lemma admissible_bend_down:
  assumes t: "b1 - \<delta> / 2 \<le> t" "t \<le> b1 + \<delta> / 2"
  shows "admissible t"
proof -
  let ?u = "phase b1 t"
  have t2: "t \<le> a2 - \<delta> / 2" using t scale(5) by simp
  have glued: "glued k t = bridge k t" for k using t t2 scale(1) by (intro glued_eq_bridge) auto
  note M = bridge_before_bend_up[OF t2]
  have x: "\<bar>t - b1\<bar> \<le> \<delta>" using t scale(1) by simp
  have lag: "- \<delta> \<le> (t - b1) - w * step_primitive 0 ?u" "(t - b1) - w * step_primitive 0 ?u \<le> 0"
    using scaled_primitive_lag[where p = b1 and t = t] t by simp_all
  have "c1 * (- \<delta>) \<le> c1 * ((t - b1) - w * step_primitive 0 ?u)"
    by (rule mult_left_mono) (use lag data_pos in auto)
  moreover have "c1 * ((t - b1) - w * step_primitive 0 ?u) \<le> 0"
    by (rule mult_nonneg_nonpos) (use lag data_pos in auto)
  ultimately have slope: "- (c1 * \<delta>) \<le> c1 * (t - b1) - c1 * (w * step_primitive 0 ?u)"
    "c1 * (t - b1) - c1 * (w * step_primitive 0 ?u) \<le> 0"
    by (simp_all add: algebra_simps)
  have "\<bar>c1 * (w^2 * step_primitive2 0 ?u)\<bar> \<le> c1 * \<delta>^2 / 2 + c1 * \<bar>step_excess\<bar> * \<delta>^4"
    using abs_mult_le_of_abs_le[OF scaled_primitive2_abs[OF x], of c1] data_pos by (simp add: algebra_simps)
  moreover have "\<bar>s * (t - b1)\<bar> \<le> s * \<delta>" "c1 / 2 * (t - b1)^2 \<le> c1 * \<delta>^2 / 2"
    "0 \<le> c1 / 2 * (t - b1)^2"
    using x data_pos mult_square_le_of_abs_le[OF x, of "c1 / 2"] by (simp_all add: abs_mult_le_of_abs_le)
  moreover have "s * \<delta> + c1 * \<delta>^2 + (c1 * \<bar>step_excess\<bar>) * \<delta>^4 + E * \<delta>^3 \<le> \<eta>"
    by (rule small_value_le) (use data_pos in \<open>simp_all add: mult_right_mono\<close>)
  moreover have "c1 * \<delta> + (1 + 2 * B) * E * \<delta>^2 + 0 * \<delta>^3 \<le> \<eta>"
    by (rule small_slope_le) (use data_pos B_nonneg in simp_all)
  moreover have "0 \<le> c1 * smooth_step 0 ?u" "0 \<le> E * \<delta>^3" "0 \<le> (1 + 2 * B) * E * \<delta>^2"
    using data_pos smooth_step_bounds E_nonneg B_nonneg scale(1) by simp_all
  ultimately show ?thesis
    using margin(1) slope unfolding abs_le_iff
    by (intro admissible_near_b1; unfold glued M abs_le_iff; linarith)
qed

lemma admissible_linear_part:
  assumes t: "b1 + \<delta> / 2 \<le> t" "t \<le> a2 - \<delta> / 2"
  shows "admissible t"
proof -
  have glued: "glued k t = bridge k t" for k using t scale(1) by (intro glued_eq_bridge) auto
  have M: "bridge 0 t = y1 + s * (t - b1) - c1 * step_excess * w^2" "bridge 1 t = s" "bridge 2 t = 0"
    unfolding bridge_after_bend_down[OF t(1)] using phase_nonpos[OF t(2)] tangent_hits_a2
    by (simp_all add: step_primitive2_nonpos step_primitive_nonpos smooth_step_nonpos algebra_simps)
  have "\<bar>c1 * step_excess * w^2\<bar> \<le> (c1 * \<bar>step_excess\<bar>) * \<delta>^4"
    using data_pos by (simp add: abs_mult w_def power_mult[symmetric])
  moreover have "s * \<delta> + 0 * \<delta>^2 + (c1 * \<bar>step_excess\<bar>) * \<delta>^4 + E * \<delta>^3 \<le> \<eta>"
    by (rule small_value_le) (use data_pos in \<open>simp_all add: mult_right_mono\<close>)
  moreover have "0 \<le> s * (t - b1)" "0 \<le> s * \<delta>" "0 \<le> E * \<delta>^3"
    using t data_pos scale(1) E_nonneg by simp_all
  ultimately have pos: "0 < bridge 0 t" unfolding M abs_le_iff using margin(3) by linarith
  have "0 < (real n - 1) * (1 - s^2)"
    using psc_b1 data_pos by (smt (verit) mult_pos_pos)
  then have "0 < warped_scal n (bridge 0 t) s 0"
    using warped_scal_pos_iff[OF pos n_ge_1] by simp
  then show ?thesis
    unfolding admissible_def glued M(2,3) using pos data_pos by simp
qed

lemma admissible_bend_up:
  assumes t: "a2 - \<delta> / 2 \<le> t" "t \<le> a2 + \<delta> / 2"
  shows "admissible t"
proof -
  let ?v = "phase a2 t"
  have t1: "b1 + \<delta> / 2 \<le> t" using t scale(5) by simp
  have glued: "glued k t = bridge k t" for k using t t1 scale(1) by (intro glued_eq_bridge) auto
  note M = bridge_after_bend_down[OF t1]
  have x: "\<bar>t - a2\<bar> \<le> \<delta>" using t scale(1) by simp
  have \<Sigma>: "0 \<le> w * step_primitive 0 ?v" "w * step_primitive 0 ?v \<le> \<delta>"
    "0 \<le> w^2 * step_primitive2 0 ?v" "w^2 * step_primitive2 0 ?v \<le> \<delta>^2"
    using scaled_primitives_before[where p = a2 and t = t] t by simp_all
  have "0 \<le> c2 * (w * step_primitive 0 ?v)" "c2 * (w * step_primitive 0 ?v) \<le> c2 * \<delta>"
    "0 \<le> c2 * (w^2 * step_primitive2 0 ?v)" "c2 * (w^2 * step_primitive2 0 ?v) \<le> c2 * \<delta>^2"
    "c2 * smooth_step 0 ?v \<le> c2"
    using \<Sigma> data_pos smooth_step_bounds(2)[of ?v] by (simp_all add: mult_left_mono)
  moreover have "\<bar>c1 * step_excess * w^2\<bar> \<le> (c1 * \<bar>step_excess\<bar>) * \<delta>^4" "\<bar>s * (t - a2)\<bar> \<le> s * \<delta>"
    using data_pos x by (simp_all add: abs_mult w_def power_mult[symmetric] abs_mult_le_of_abs_le)
  moreover have "s * \<delta> + c2 * \<delta>^2 + (c1 * \<bar>step_excess\<bar>) * \<delta>^4 + E * \<delta>^3 \<le> \<eta>"
    by (rule small_value_le) (use data_pos in \<open>simp_all add: mult_right_mono\<close>)
  moreover have "c2 * \<delta> + (1 + 2 * B) * E * \<delta>^2 + 0 * \<delta>^3 \<le> \<eta>"
    by (rule small_slope_le) (use data_pos B_nonneg in simp_all)
  moreover have "0 \<le> E * \<delta>^3" "0 \<le> (1 + 2 * B) * E * \<delta>^2"
    using E_nonneg B_nonneg scale(1) by simp_all
  ultimately show ?thesis
    using margin(1) unfolding abs_le_iff by (intro admissible_near_a2; unfold glued M abs_le_iff; linarith)
qed

lemma bridge_after_bends:
  assumes "a2 + \<delta> / 2 \<le> t"
  shows "bridge 0 t = y2 + s * (t - a2) + c2 / 2 * (t - a2)^2 + (c2 - c1) * step_excess * w^2"
    "bridge 1 t = s + c2 * (t - a2)" "bridge 2 t = c2"
proof -
  have t1: "b1 + \<delta> / 2 \<le> t" using assms scale(1,5) by simp
  have v: "1 \<le> phase a2 t" by (rule phase_ge1[OF assms])
  show "bridge 0 t = y2 + s * (t - a2) + c2 / 2 * (t - a2)^2 + (c2 - c1) * step_excess * w^2"
    "bridge 1 t = s + c2 * (t - a2)" "bridge 2 t = c2"
    unfolding bridge_after_bend_down[OF t1] scaled_primitives_after[OF v] smooth_step_ge1[OF v]
    by (simp_all add: algebra_simps)
qed

lemma F2_close_to_bridge:
  assumes t: "a2 + \<delta> / 2 \<le> t" "t \<le> a2 + \<delta>"
  defines "K \<equiv> (c1 + c2) * \<bar>step_excess\<bar>"
  shows "\<bar>F2 0 t - bridge 0 t\<bar> \<le> (E * \<delta> + K * \<delta>^2) * \<delta>^2"
    and "\<bar>F2 1 t - bridge 1 t\<bar> \<le> (E * \<delta>) * \<delta>" "\<bar>F2 2 t - bridge 2 t\<bar> \<le> E * \<delta>"
proof -
  note M = bridge_after_bends[OF t(1)]
  have x: "\<bar>t - a2\<bar> \<le> \<delta>" using t scale(1) by simp
  have T: "\<bar>F2 0 t - (y2 + s * (t - a2) + c2 / 2 * (t - a2)^2)\<bar> \<le> E * \<delta>^3"
    "\<bar>F2 1 t - (s + c2 * (t - a2))\<bar> \<le> E * \<delta>^2" "\<bar>F2 2 t - c2\<bar> \<le> E * \<delta>"
    using taylor2_remainder_bounds[OF jet2 convex_real_interval(5) _ _ F2_3_bound x] t scale int2
    unfolding y2_def c2_def slope_a2 by simp_all
  have "\<bar>(c2 - c1) * step_excess * w^2\<bar> \<le> K * \<delta>^4"
    using data_pos by (simp add: K_def abs_mult w_def power_mult[symmetric] mult_right_mono)
  then have "\<bar>F2 0 t - bridge 0 t\<bar> \<le> E * \<delta>^3 + K * \<delta>^4"
    using T(1) unfolding M abs_le_iff by linarith
  moreover have "E * \<delta>^3 + K * \<delta>^4 = (E * \<delta> + K * \<delta>^2) * \<delta>^2"
    by (simp add: algebra_simps power2_eq_square power3_eq_cube power4_eq_xxxx)
  ultimately show "\<bar>F2 0 t - bridge 0 t\<bar> \<le> (E * \<delta> + K * \<delta>^2) * \<delta>^2" by simp
  show "\<bar>F2 1 t - bridge 1 t\<bar> \<le> (E * \<delta>) * \<delta>" "\<bar>F2 2 t - bridge 2 t\<bar> \<le> E * \<delta>"
    using T(2,3) unfolding M by (simp_all add: power2_eq_square mult.assoc)
qed

lemma admissible_right_blend:
  assumes t: "a2 + \<delta> / 2 \<le> t" "t \<le> a2 + \<delta>"
  shows "admissible t"
proof -
  let ?K = "(c1 + c2) * \<bar>step_excess\<bar>"
  note M = bridge_after_bends[OF t(1)]
  from blend_close_to_start[where A = bridge and B = F2, OF scale(1) cutoff_right_bounds
      F2_close_to_bridge[OF t]]
  have G: "\<bar>glued 0 t - bridge 0 t\<bar> \<le> E * \<delta>^3 + ?K * \<delta>^4"
    "\<bar>glued 1 t - bridge 1 t\<bar> \<le> (1 + 2 * B) * E * \<delta>^2 + (2 * B * ?K) * \<delta>^3"
    "\<bar>glued 2 t - bridge 2 t\<bar> \<le> (1 + 8 * B) * E * \<delta> + (4 * B * ?K) * \<delta>^2"
    using glued_eq_right_blend[OF t(1)]
    by (simp_all add: power2_eq_square power3_eq_cube power4_eq_xxxx algebra_simps)
  have x: "\<bar>t - a2\<bar> \<le> \<delta>" using t scale(1) by simp
  have "\<bar>(c2 - c1) * step_excess * w^2\<bar> \<le> ?K * \<delta>^4"
    using data_pos by (simp add: abs_mult w_def power_mult[symmetric] mult_right_mono)
  moreover have "\<bar>s * (t - a2)\<bar> \<le> s * \<delta>" "c2 / 2 * (t - a2)^2 \<le> c2 / 2 * \<delta>^2"
    "0 \<le> c2 / 2 * (t - a2)^2" "0 \<le> c2 * (t - a2)" "c2 * (t - a2) \<le> c2 * \<delta>"
    using x t scale(1) data_pos by (simp_all add: abs_mult_le_of_abs_le mult_square_le_of_abs_le)
  moreover have "s * \<delta> + c2 / 2 * \<delta>^2 + (2 * ?K) * \<delta>^4 + E * \<delta>^3 \<le> \<eta>"
    by (rule small_value_le) (use data_pos in \<open>simp_all add: algebra_simps\<close>)
  moreover have "c2 * \<delta> + (1 + 2 * B) * E * \<delta>^2 + (2 * B * ?K) * \<delta>^3 \<le> \<eta>"
    by (rule small_slope_le) (use data_pos B_nonneg in simp_all)
  moreover have "(1 + 8 * B) * E * \<delta> + (4 * B * ?K) * \<delta>^2 \<le> \<eta>"
    by (rule small_curvature_le) (use data_pos B_nonneg in simp_all)
  ultimately show ?thesis
    using G unfolding abs_le_iff by (intro admissible_near_a2; unfold M abs_le_iff; linarith)
qed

— What needs to be done —
Only one span of lines is wanted: the line with "2 * \<delta>^2 + (2" and every line after it to the end of the entries, output exactly.

— Exercise solution —
  moreover have "s * \<delta> + c2 / 2 * \<delta>^2 + (2 * ?K) * \<delta>^4 + E * \<delta>^3 \<le> \<eta>"
    by (rule small_value_le) (use data_pos in \<open>simp_all add: algebra_simps\<close>)
  moreover have "c2 * \<delta> + (1 + 2 * B) * E * \<delta>^2 + (2 * B * ?K) * \<delta>^3 \<le> \<eta>"
    by (rule small_slope_le) (use data_pos B_nonneg in simp_all)
  moreover have "(1 + 8 * B) * E * \<delta> + (4 * B * ?K) * \<delta>^2 \<le> \<eta>"
    by (rule small_curvature_le) (use data_pos B_nonneg in simp_all)
  ultimately show ?thesis
    using G unfolding abs_le_iff by (intro admissible_near_a2; unfold M abs_le_iff; linarith)
qed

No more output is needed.